(* For every $\alpha\in\mathbb{N}_0$ and $y\in C^{(2\alpha+4)}(0,\infty)$, $$L_{2\alpha+4,x}^{\alpha}y(x)=-\Big\{L_{2,x}^{2\alpha+1}-\frac{2\alpha+2}{x}-\alpha-1\Big\}L_{2\alpha+2,x}^{\alpha-1}y(x),\qquad x>0.$$
   Context: $D_x^i$ is the $i$-fold derivative. For integer $\alpha\ge-1$, $L_{2\alpha+4,x}^{\alpha}y(x)=(-1)^{\alpha+1}e^x x\,D_x^{\alpha+2}\{e^{-x}D_x^{\alpha+2}[x^{\alpha+1}y(x)]\}$; in particular for $\alpha=-1$ this gives $L_{2,x}^{-1}y=x[y''-y']$. For real $\gamma$, $L_{2,x}^{\gamma}=xD_x^2+(\gamma+1-x)D_x$ (consistent with the previous at $\gamma=-1$). *)

theory Defs
  imports "HOL-Analysis.Analysis"
begin

definition Dx :: "nat \<Rightarrow> (real \<Rightarrow> real) \<Rightarrow> real \<Rightarrow> real" where
  "Dx i f = (deriv ^^ i) f"

definition Cn_on :: "nat \<Rightarrow> real set \<Rightarrow> (real \<Rightarrow> real) \<Rightarrow> bool" where
  "Cn_on n S y \<longleftrightarrow>
     (\<forall>k<n. \<forall>x\<in>S. (Dx k y has_real_derivative Dx (Suc k) y x) (at x)) \<and>
     continuous_on S (Dx n y)"

text \<open>For integer a \<ge> -1:
  L^a_{2a+4,x} y(x) = (-1)^(a+1) e^x x D^(a+2) { e^(-x) D^(a+2) [x^(a+1) y(x)] }.\<close>
definition Lhigh :: "int \<Rightarrow> (real \<Rightarrow> real) \<Rightarrow> real \<Rightarrow> real" where
  "Lhigh a y x =
     (-1) ^ nat (a + 1) * exp x * x *
       Dx (nat (a + 2)) (\<lambda>t. exp (- t) * Dx (nat (a + 2)) (\<lambda>s. s ^ nat (a + 1) * y s) t) x"

definition L2 :: "real \<Rightarrow> (real \<Rightarrow> real) \<Rightarrow> real \<Rightarrow> real" where
  "L2 g y x = x * Dx 2 y x + (g + 1 - x) * Dx 1 y x"

end

theory Submission
  imports Defs
begin

text \<open>Both operators are built from R_m g = D^m (e^-x D^m g): with g = x^\<alpha> y,
  the left-hand side is (-1)^(\<alpha>+1) e^x x R_(\<alpha>+2) (x g), and L^(\<alpha>-1)_(2\<alpha>+2) y = (-1)^\<alpha> e^x x K
  with K = R_(\<alpha>+1) g. Leibniz's rule for the factor x, used once inside and once outside the
  exponential, gives the recurrence R_(m+1) (x g) = x K'' + (x + 2m + 2) K' + (m + 1) K for
  K = R_m g; differentiating e^x x K twice shows that the right-hand side is the same
  combination of K, K', K''.\<close>

lemma Dx_0 [simp]: "Dx 0 f = f"
  by (simp add: Dx_def)

lemma Dx_Suc: "Dx (Suc k) f = Dx k (deriv f)"
  by (simp add: Dx_def funpow_Suc_right del: funpow.simps)

lemma deriv_Dx: "deriv (Dx k f) = Dx (Suc k) f"
  by (simp add: Dx_def)

lemma Dx_Dx: "Dx a (Dx b f) = Dx (a + b) f"
  by (simp add: Dx_def funpow_add)

lemma Dx_cong_open:
  assumes "open S" "\<forall>s\<in>S. f s = g s" "t \<in> S"
  shows "Dx k f t = Dx k g t"
proof -
  have "eventually (\<lambda>s. f s = g s) (nhds t)"
    using eventually_nhds_in_open[OF assms(1,3)] by eventually_elim (use assms(2) in auto)
  then show ?thesis
    unfolding Dx_def by (rule higher_deriv_cong_ev) simp
qed

lemma Dx_Suc_cong:
  assumes "open S" "\<forall>s\<in>S. (f has_real_derivative f' s) (at s)" "t \<in> S"
  shows "Dx (Suc k) f t = Dx k f' t"
  unfolding Dx_Suc using assms by (intro Dx_cong_open[of S]) (auto intro: DERIV_imp_deriv)

text \<open>This is Cn_on without continuity of the top derivative, which the identity never uses.\<close>

definition differentiable_upto :: "nat \<Rightarrow> real set \<Rightarrow> (real \<Rightarrow> real) \<Rightarrow> bool" where
  "differentiable_upto n S f \<longleftrightarrow>
     (\<forall>k<n. \<forall>t\<in>S. (Dx k f has_real_derivative Dx (Suc k) f t) (at t))"

lemma differentiable_upto_0 [simp]: "differentiable_upto 0 S f"
  by (simp add: differentiable_upto_def)

lemma differentiable_uptoD:
  "differentiable_upto n S f \<Longrightarrow> k < n \<Longrightarrow> t \<in> S \<Longrightarrow>
     (Dx k f has_real_derivative Dx (Suc k) f t) (at t)"
  unfolding differentiable_upto_def by blast

lemma differentiable_upto_Suc:
  "differentiable_upto (Suc n) S f \<longleftrightarrow>
     (\<forall>t\<in>S. (f has_real_derivative deriv f t) (at t)) \<and> differentiable_upto n S (deriv f)"
  unfolding differentiable_upto_def by (auto simp: less_Suc_eq_0_disj Dx_Suc)

lemma differentiable_upto_mono:
  "differentiable_upto n S f \<Longrightarrow> m \<le> n \<Longrightarrow> differentiable_upto m S f"
  unfolding differentiable_upto_def by auto

lemma differentiable_upto_Dx:
  "differentiable_upto (k + n) S f \<Longrightarrow> differentiable_upto n S (Dx k f)"
  by (induction k arbitrary: f) (simp_all add: differentiable_upto_Suc Dx_Suc)

lemma differentiable_upto_cong:
  assumes "open S" "\<forall>s\<in>S. f s = g s" "differentiable_upto n S f"
  shows "differentiable_upto n S g"
  unfolding differentiable_upto_def
proof (intro allI impI ballI)
  fix k t assume "k < n" "t \<in> S"
  with assms(3) have "(Dx k f has_real_derivative Dx (Suc k) f t) (at t)"
    by (rule differentiable_uptoD)
  then have "(Dx k g has_real_derivative Dx (Suc k) f t) (at t)"
    by (rule has_field_derivative_transform_within_open[OF _ assms(1) \<open>t \<in> S\<close>])
       (use Dx_cong_open[OF assms(1,2)] in auto)
  then show "(Dx k g has_real_derivative Dx (Suc k) g t) (at t)"
    using Dx_cong_open[OF assms(1,2) \<open>t \<in> S\<close>] by simp
qed

lemma differentiable_upto_SucI:
  assumes "open S" "\<forall>t\<in>S. (f has_real_derivative f' t) (at t)" "differentiable_upto n S f'"
  shows "differentiable_upto (Suc n) S f"
proof -
  have "\<forall>t\<in>S. f' t = deriv f t"
    using assms(2) by (auto intro: DERIV_imp_deriv[symmetric])
  then show ?thesis
    using assms differentiable_upto_cong by (auto simp: differentiable_upto_Suc intro: DERIV_imp_deriv)
qed

lemma differentiable_upto_add:
  "open S \<Longrightarrow> differentiable_upto n S f \<Longrightarrow> differentiable_upto n S g \<Longrightarrow>
     differentiable_upto n S (\<lambda>t. f t + g t)"
proof (induction n arbitrary: f g)
  case (Suc n)
  then show ?case
    by (intro differentiable_upto_SucI[of S _ "\<lambda>t. deriv f t + deriv g t"])
       (auto simp: differentiable_upto_Suc intro!: derivative_eq_intros)
qed simp

lemma differentiable_upto_cmult:
  "open S \<Longrightarrow> differentiable_upto n S f \<Longrightarrow> differentiable_upto n S (\<lambda>t. c * f t)"
proof (induction n arbitrary: f)
  case (Suc n)
  then show ?case
    by (intro differentiable_upto_SucI[of S _ "\<lambda>t. c * deriv f t"])
       (auto simp: differentiable_upto_Suc intro!: derivative_eq_intros)
qed simp

lemma differentiable_upto_times_id:
  "open S \<Longrightarrow> differentiable_upto n S f \<Longrightarrow> differentiable_upto n S (\<lambda>t. t * f t)"
proof (induction n arbitrary: f)
  case (Suc n)
  have "differentiable_upto n S f"
    using Suc.prems(2) by (rule differentiable_upto_mono) simp
  with Suc have "differentiable_upto n S (\<lambda>t. f t + t * deriv f t)"
    by (intro differentiable_upto_add) (auto simp: differentiable_upto_Suc)
  with Suc.prems show ?case
    by (intro differentiable_upto_SucI[of S _ "\<lambda>t. f t + t * deriv f t"])
       (auto simp: differentiable_upto_Suc intro!: derivative_eq_intros)
qed simp

lemma differentiable_upto_exp_mult:
  "open S \<Longrightarrow> differentiable_upto n S f \<Longrightarrow> differentiable_upto n S (\<lambda>t. exp (c * t) * f t)"
proof (induction n arbitrary: f)
  case (Suc n)
  have "differentiable_upto n S f"
    using Suc.prems(2) by (rule differentiable_upto_mono) simp
  with Suc have "differentiable_upto n S (\<lambda>t. c * f t + deriv f t)"
    by (intro differentiable_upto_add differentiable_upto_cmult) (auto simp: differentiable_upto_Suc)
  with Suc.IH Suc.prems(1)
  have "differentiable_upto n S (\<lambda>t. exp (c * t) * (c * f t + deriv f t))"
    by blast
  moreover have "((\<lambda>t. exp (c * t) * f t) has_real_derivative exp (c * t) * (c * f t + deriv f t)) (at t)"
    if "t \<in> S" for t
    using Suc.prems(2) that unfolding differentiable_upto_Suc
    by (auto intro!: derivative_eq_intros simp: distrib_left)
  ultimately show ?case
    using Suc.prems(1) by (intro differentiable_upto_SucI) auto
qed simp

lemma differentiable_upto_power_mult:
  "open S \<Longrightarrow> differentiable_upto n S f \<Longrightarrow> differentiable_upto n S (\<lambda>t. t ^ a * f t)"
  by (induction a) (auto simp: mult.assoc dest: differentiable_upto_times_id)

lemma Dx_add:
  assumes "open S" "differentiable_upto k S f" "differentiable_upto k S g" "t \<in> S"
  shows "Dx k (\<lambda>t. f t + g t) t = Dx k f t + Dx k g t"
  using assms(2-4)
proof (induction k arbitrary: f g t)
  case (Suc k)
  then have "Dx (Suc k) (\<lambda>t. f t + g t) t = Dx k (\<lambda>t. deriv f t + deriv g t) t"
    by (intro Dx_Suc_cong[OF assms(1)]) (auto simp: differentiable_upto_Suc intro!: derivative_eq_intros)
  with Suc show ?case
    by (simp add: differentiable_upto_Suc Dx_Suc)
qed simp

lemma Dx_cmult:
  assumes "open S" "differentiable_upto k S f" "t \<in> S"
  shows "Dx k (\<lambda>t. c * f t) t = c * Dx k f t"
  using assms(2,3)
proof (induction k arbitrary: f t)
  case (Suc k)
  then have "Dx (Suc k) (\<lambda>t. c * f t) t = Dx k (\<lambda>t. c * deriv f t) t"
    by (intro Dx_Suc_cong[OF assms(1)]) (auto simp: differentiable_upto_Suc intro!: derivative_eq_intros)
  with Suc show ?case
    by (simp add: differentiable_upto_Suc Dx_Suc)
qed simp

## Task statement
If a line of the data contains the word "bool", it should be counted; state the total and nothing more.

## Exercise answer
2